Hi,
2017-10-05 22:29 GMT+02:00 Joel Weinberger <
joel.we...@gmail.com>:
> Thanks! Indeed, --disable_new_pid solves the problem. Just to clarify what's
> going on here and make sure I fully understand:
>
> Starting in PID namespace NS1, -Me calls unshare() before execv(), by
> default creating a new PID namespace with CLONE_NEWPID, which we'll call
> NS2.
> However, unshare() does not put the current process itself into NS2, so the
> top process the execv runs in is still NS1.

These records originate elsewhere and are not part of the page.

lemma has_integral_singular_kernel_solution:
  fixes \<alpha> \<tau> :: real and h d :: "real \<Rightarrow> real"
  assumes a: "0 < \<alpha>" "\<alpha> < 1" and \<tau>: "0 \<le> \<tau>" and hc: "continuous_on {0..\<tau>} h"
    and abel: "\<And>t. t \<in> {0..\<tau>} \<Longrightarrow> abel_integral \<alpha> h t = Gamma \<alpha> * (d t - d 0)"
  shows "((\<lambda>s. (\<tau> - s) powr (-\<alpha>) * d s) has_integral
    (Beta \<alpha> (1 - \<alpha>) * integral {0..\<tau>} h + Gamma \<alpha> * d 0 * (\<tau> powr (1 - \<alpha>) / (1 - \<alpha>))) / Gamma \<alpha>)
    {0..\<tau>}"
proof -
  have \<Gamma>: "0 < Gamma \<alpha>" using a by (simp add: Gamma_real_pos)
  have "((\<lambda>s. (\<tau> - s) powr (-\<alpha>) * abel_integral \<alpha> h s + Gamma \<alpha> * d 0 * (\<tau> - s) powr (-\<alpha>))
      has_integral Beta \<alpha> (1 - \<alpha>) * integral {0..\<tau>} h + Gamma \<alpha> * d 0 * (\<tau> powr (1 - \<alpha>) / (1 - \<alpha>)))
      {0..\<tau>}"
    using has_integral_kernel_powr_endpoint[of 0 \<tau> "1 - \<alpha>"] a \<tau>
    by (intro has_integral_add has_integral_abel_integral_composition a \<tau> hc has_integral_mult_right)
       simp_all
  then have "((\<lambda>s. ((\<tau> - s) powr (-\<alpha>) * abel_integral \<alpha> h s + Gamma \<alpha> * d 0 * (\<tau> - s) powr (-\<alpha>))
      / Gamma \<alpha>) has_integral
      (Beta \<alpha> (1 - \<alpha>) * integral {0..\<tau>} h + Gamma \<alpha> * d 0 * (\<tau> powr (1 - \<alpha>) / (1 - \<alpha>))) / Gamma \<alpha>)
      {0..\<tau>}"
    by (rule has_integral_divide)
  then show ?thesis
  proof (rule has_integral_eq[rotated])
    fix s assume "s \<in> {0..\<tau>}"
    then show "((\<tau> - s) powr (-\<alpha>) * abel_integral \<alpha> h s + Gamma \<alpha> * d 0 * (\<tau> - s) powr (-\<alpha>))
        / Gamma \<alpha> = (\<tau> - s) powr (-\<alpha>) * d s"
      using \<Gamma> by (simp add: abel field_simps)
  qed
qed

lemma abel_solution_endpoint_estimate:
  fixes \<alpha> t1 \<eta> :: real and h d :: "real \<Rightarrow> real"
  assumes a: "0 < \<alpha>" "\<alpha> < 1" and t1: "0 \<le> t1" and hc: "continuous_on {0..t1} h"
    and h_t1: "h t1 = 0" and d_t1: "d t1 = 0"
    and abel: "\<And>t. t \<in> {0..t1} \<Longrightarrow> abel_integral \<alpha> h t = Gamma \<alpha> * (d t - d 0)"
    and \<eta>: "0 < \<eta>"
  shows "\<exists>\<delta>>0. \<forall>s\<in>{0..t1}. t1 - s < \<delta> \<longrightarrow> \<bar>d s\<bar> \<le> \<eta> * (t1 - s) powr \<alpha>"
proof -
  have \<Gamma>: "0 < Gamma \<alpha>" using a by (simp add: Gamma_real_pos)
  obtain \<delta> where "0 < \<delta>" and \<delta>: "\<And>s. s \<in> {0..t1} \<Longrightarrow> t1 - s < \<delta> \<Longrightarrow>
      \<bar>abel_integral \<alpha> h s - abel_integral \<alpha> h t1\<bar> \<le> Gamma \<alpha> * \<eta> * (t1 - s) powr \<alpha>"
    using abel_integral_endpoint_estimate[OF a t1 hc h_t1, of "Gamma \<alpha> * \<eta>"] \<Gamma> \<eta> by auto
  have "\<bar>d s\<bar> \<le> \<eta> * (t1 - s) powr \<alpha>" if "s \<in> {0..t1}" "t1 - s < \<delta>" for s
  proof -
    have "abel_integral \<alpha> h s - abel_integral \<alpha> h t1 = Gamma \<alpha> * d s"
      using abel[OF that(1)] abel[of t1] t1 d_t1 by (simp add: algebra_simps)
    then show ?thesis
      using \<delta>[OF that] \<Gamma> by (simp add: abs_mult mult.assoc)
  qed
  with \<open>0 < \<delta>\<close> show ?thesis by blast
qed

lemma nonneg_abel_solution_cannot_vanish:
  fixes \<alpha> t1 :: real and h d :: "real \<Rightarrow> real"
  assumes a: "0 < \<alpha>" "\<alpha> < 1" and t1: "0 < t1" and hc: "continuous_on {0..t1} h"
    and h_t1: "h t1 = 0" and d_nonneg: "\<And>s. s \<in> {0..t1} \<Longrightarrow> 0 \<le> d s"
    and d_t1: "d t1 = 0" and d_0: "0 < d 0"
    and abel: "\<And>t. t \<in> {0..t1} \<Longrightarrow> abel_integral \<alpha> h t = Gamma \<alpha> * (d t - d 0)"
  shows False
proof -
  define \<Gamma> where "\<Gamma> = Gamma \<alpha>"
  define B where "B = Beta \<alpha> (1 - \<alpha>)"
  have \<Gamma>: "0 < \<Gamma>" using a by (simp add: \<Gamma>_def Gamma_real_pos)
  have B: "0 < B" using a by (simp add: B_def Beta_def Gamma_real_pos)
  define P where "P \<tau> = (B * integral {0..\<tau>} h + \<Gamma> * d 0 * (\<tau> powr (1 - \<alpha>) / (1 - \<alpha>))) / \<Gamma>" for \<tau>
  have P: "((\<lambda>s. (\<tau> - s) powr (-\<alpha>) * d s) has_integral P \<tau>) {0..\<tau>}" if "\<tau> \<in> {0..t1}" for \<tau>
    unfolding P_def \<Gamma>_def B_def using that
    by (intro has_integral_singular_kernel_solution a continuous_on_subset[OF hc] abel) auto
  define c0 where "c0 = d 0 * t1 powr (-\<alpha>)"
  have c0: "0 < c0" using d_0 t1 by (simp add: c0_def)
  define \<eta> where "\<eta> = c0 * (1 - \<alpha>) / 4"
  define \<eta>' where "\<eta>' = \<Gamma> * c0 / (4 * B)"
  have \<eta>: "0 < \<eta>" "0 < \<eta>'" using c0 a \<Gamma> B by (simp_all add: \<eta>_def \<eta>'_def)
  obtain \<delta>1 where "0 < \<delta>1"
    and d_small: "\<And>s. s \<in> {0..t1} \<Longrightarrow> t1 - s < \<delta>1 \<Longrightarrow> \<bar>d s\<bar> \<le> \<eta> * (t1 - s) powr \<alpha>"
    using abel_solution_endpoint_estimate[OF a _ hc h_t1 d_t1 abel \<eta>(1)] t1 by auto
  obtain \<delta>2 where "0 < \<delta>2"
    and \<delta>2: "\<And>s. s \<in> {0..t1} \<Longrightarrow> dist s t1 < \<delta>2 \<Longrightarrow> dist (h s) (h t1) < \<eta>'"
    using hc \<eta> t1 unfolding continuous_on_iff by (metis atLeastAtMost_iff less_le order.refl)
  define \<epsilon> where "\<epsilon> = min (min \<delta>1 \<delta>2) t1 / 2"
  have \<epsilon>: "0 < \<epsilon>" "\<epsilon> < \<delta>1" "\<epsilon> < \<delta>2" "\<epsilon> < t1"
    using \<open>0 < \<delta>1\<close> \<open>0 < \<delta>2\<close> t1 by (auto simp: \<epsilon>_def)
  define \<tau> where "\<tau> = t1 - \<epsilon>"
  have \<tau>: "0 < \<tau>" "\<tau> \<le> t1" using \<epsilon> by (auto simp: \<tau>_def)
  define E where "E = \<Gamma> * c0 * \<epsilon>"
  have "P t1 - P \<tau> \<le> (t1 - \<tau>) powr (1 - \<alpha>) / (1 - \<alpha>) * (\<eta> * \<epsilon> powr \<alpha>)"
  proof (rule singular_integral_increment_le[OF a _ \<tau>(2) d_nonneg _ P P])
    fix s assume s: "s \<in> {\<tau>..t1}"
    then have "d s \<le> \<eta> * (t1 - s) powr \<alpha>" using \<epsilon> \<tau> d_small[of s] by (auto simp: \<tau>_def)
    also have "\<dots> \<le> \<eta> * \<epsilon> powr \<alpha>"
      using s \<eta> a by (intro mult_left_mono powr_mono2) (auto simp: \<tau>_def)
    finally show "d s \<le> \<eta> * \<epsilon> powr \<alpha>" .
  qed (use \<tau> t1 in auto)
  also have "\<dots> = \<eta> * \<epsilon> / (1 - \<alpha>)"
    using \<epsilon> by (simp add: \<tau>_def mult.commute mult.left_commute powr_add[symmetric])
  also have "\<dots> = c0 * \<epsilon> / 4"
    using a by (simp add: \<eta>_def field_simps)
  finally have upper: "\<Gamma> * P t1 - \<Gamma> * P \<tau> \<le> E / 4"
    using \<Gamma> mult_left_mono[of _ _ \<Gamma>] by (fastforce simp: E_def right_diff_distrib)
  have "integral {\<tau>..t1} h \<ge> - (\<eta>' * \<epsilon>)"
  proof -
    have "norm (integral {\<tau>..t1} h) \<le> \<eta>' * (t1 - \<tau>)"
    proof (rule integral_bound[OF \<tau>(2) continuous_on_subset[OF hc]])
      fix s assume "s \<in> {\<tau>..t1}"
      then show "norm (h s) \<le> \<eta>'"
        using \<delta>2[of s] \<epsilon> \<tau> h_t1 by (auto simp: dist_real_def \<tau>_def)
    qed (use \<tau> in auto)
    then show ?thesis by (simp add: \<tau>_def)
  qed
  then have h_part: "B * integral {\<tau>..t1} h \<ge> - E / 4"
    using B mult_left_mono[of "- (\<eta>' * \<epsilon>)" _ B] by (simp add: E_def \<eta>'_def field_simps)
  have "\<Gamma> * d 0 * (t1 powr (-\<alpha>) * (t1 - \<tau>)) \<le> \<Gamma> * d 0 * ((t1 powr (1 - \<alpha>) - \<tau> powr (1 - \<alpha>)) / (1 - \<alpha>))"
    using powr_one_minus_diff_ge[OF a \<tau>] \<Gamma> d_0 by (intro mult_left_mono) auto
  then have d0_part: "\<Gamma> * d 0 * (t1 powr (1 - \<alpha>) / (1 - \<alpha>))
      - \<Gamma> * d 0 * (\<tau> powr (1 - \<alpha>) / (1 - \<alpha>)) \<ge> E"
    by (simp add: E_def c0_def \<tau>_def mult_ac diff_divide_distrib right_diff_distrib)
  have "integral {0..t1} h = integral {0..\<tau>} h + integral {\<tau>..t1} h"
    using Henstock_Kurzweil_Integration.integral_combine[of 0 \<tau> t1 h] \<tau>
      integrable_continuous_interval[OF hc] by simp
  then have "B * integral {0..t1} h = B * integral {0..\<tau>} h + B * integral {\<tau>..t1} h"
    by (simp add: distrib_left)
  moreover have \<Gamma>P: "\<Gamma> * P x = B * integral {0..x} h + \<Gamma> * d 0 * (x powr (1 - \<alpha>) / (1 - \<alpha>))"
    for x using \<Gamma> by (simp add: P_def)
  moreover have "0 < E" using \<Gamma> c0 \<epsilon> by (simp add: E_def)
  ultimately show False using upper h_part d0_part \<Gamma>P[of t1] \<Gamma>P[of \<tau>] by linarith
qed

lemma first_zero_after_positive_start:
  fixes D :: "real \<Rightarrow> real" and t :: real
  assumes "0 \<le> t" and Dc: "continuous_on {0..t} D" and D_0: "0 < D 0" and D_t: "D t = 0"
  obtains t1 where "0 < t1" "t1 \<le> t" "D t1 = 0" "\<And>s. s \<in> {0..t1} \<Longrightarrow> 0 \<le> D s"
proof -
  define Z where "Z = {s \<in> {0..t}. D s = 0}"
  have "closed Z" unfolding Z_def
    by (rule continuous_closed_preimage_constant[OF Dc]) auto
  moreover have "t \<in> Z" using \<open>0 \<le> t\<close> D_t by (simp add: Z_def)
  moreover have bdd: "bdd_below Z" by (auto simp: Z_def bdd_below_def)
  ultimately have "Inf Z \<in> Z" by (intro closed_contains_Inf) auto
  then have t1: "0 \<le> Inf Z" "Inf Z \<le> t" "D (Inf Z) = 0" by (auto simp: Z_def)
  have first: "D s \<noteq> 0" if "0 \<le> s" "s < Inf Z" for s
    using cInf_lower[OF _ bdd, of s] that t1 by (force simp: Z_def)
  show ?thesis
  proof (rule that[OF _ t1(2,3)])
    show "0 < Inf Z" using t1 D_0 by (cases "Inf Z = 0") auto
    fix s assume s: "s \<in> {0..Inf Z}"
    show "0 \<le> D s"
    proof (rule ccontr)
      assume "\<not> 0 \<le> D s"
      moreover have "continuous_on {0..s} D"
        by (rule continuous_on_subset[OF Dc]) (use s t1 in auto)
      ultimately obtain z where "0 \<le> z" "z \<le> s" "D z = 0"
        using IVT2'[of D s 0 0] D_0 s by auto
      with first[of z] s t1 \<open>\<not> 0 \<le> D s\<close> show False by (cases "z = Inf Z") auto
    qed
  qed
qed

> When the binary is run, if it forks/clones, it puts all the new processes
> into NS2.
> This includes clones to make threads. However, threads must be in the same
> PID namespace as their parent process. Since in this case the parent is in
> NS1 but new processes attempt to be put in NS2, thread creation fails.
> Running with --disable_new_pid simply gets rid of the CLONE_NEWPID flag to
> unshare, so NS2 is never created, and the threads are created in NS1.
>
> I'm guessing that this means another (convoluted) solution would be to fork
> in the binary passed to execv, grab the PID namespace, pass the FD for that
> namespace to the parent in NS1, then run setns() in the parent to put itself
> in NS2. I might test this just to verify, but it is almost certainly
> unnecessary for my purposes.
As per 'man pid_namespaces' both unshare() and setns() work in the
same way (only child processes go into new namespace).
I understand reasons for not making the it default behavior (glibc
would go crazy as it caches PID/TID values), but surprisingly there's
no way to force it, or even for it during execve(), what is seemingly
OK, and would solve some problems.
What one can try is to actually unshare(CLONE_NEWPID), then open
/proc/self/ns/pid_for_children and then do setns() on it. It probably
not work but stiill worth trying.
BTW, there's another "interesting behavior" of CLONE_NEWPID. There
must always be a process inside this namespace (so called ns-init),
in order for subsequent clone/fork's to work. Otherwise clone/fork's
will end up with ENOMEM. Therefore with -Me, nsjail creates a dummy
init which is always inside this pid ns.
So, -Me is somewhat incomplete, and I see no good ways of making it
work, so it includes pid namespaces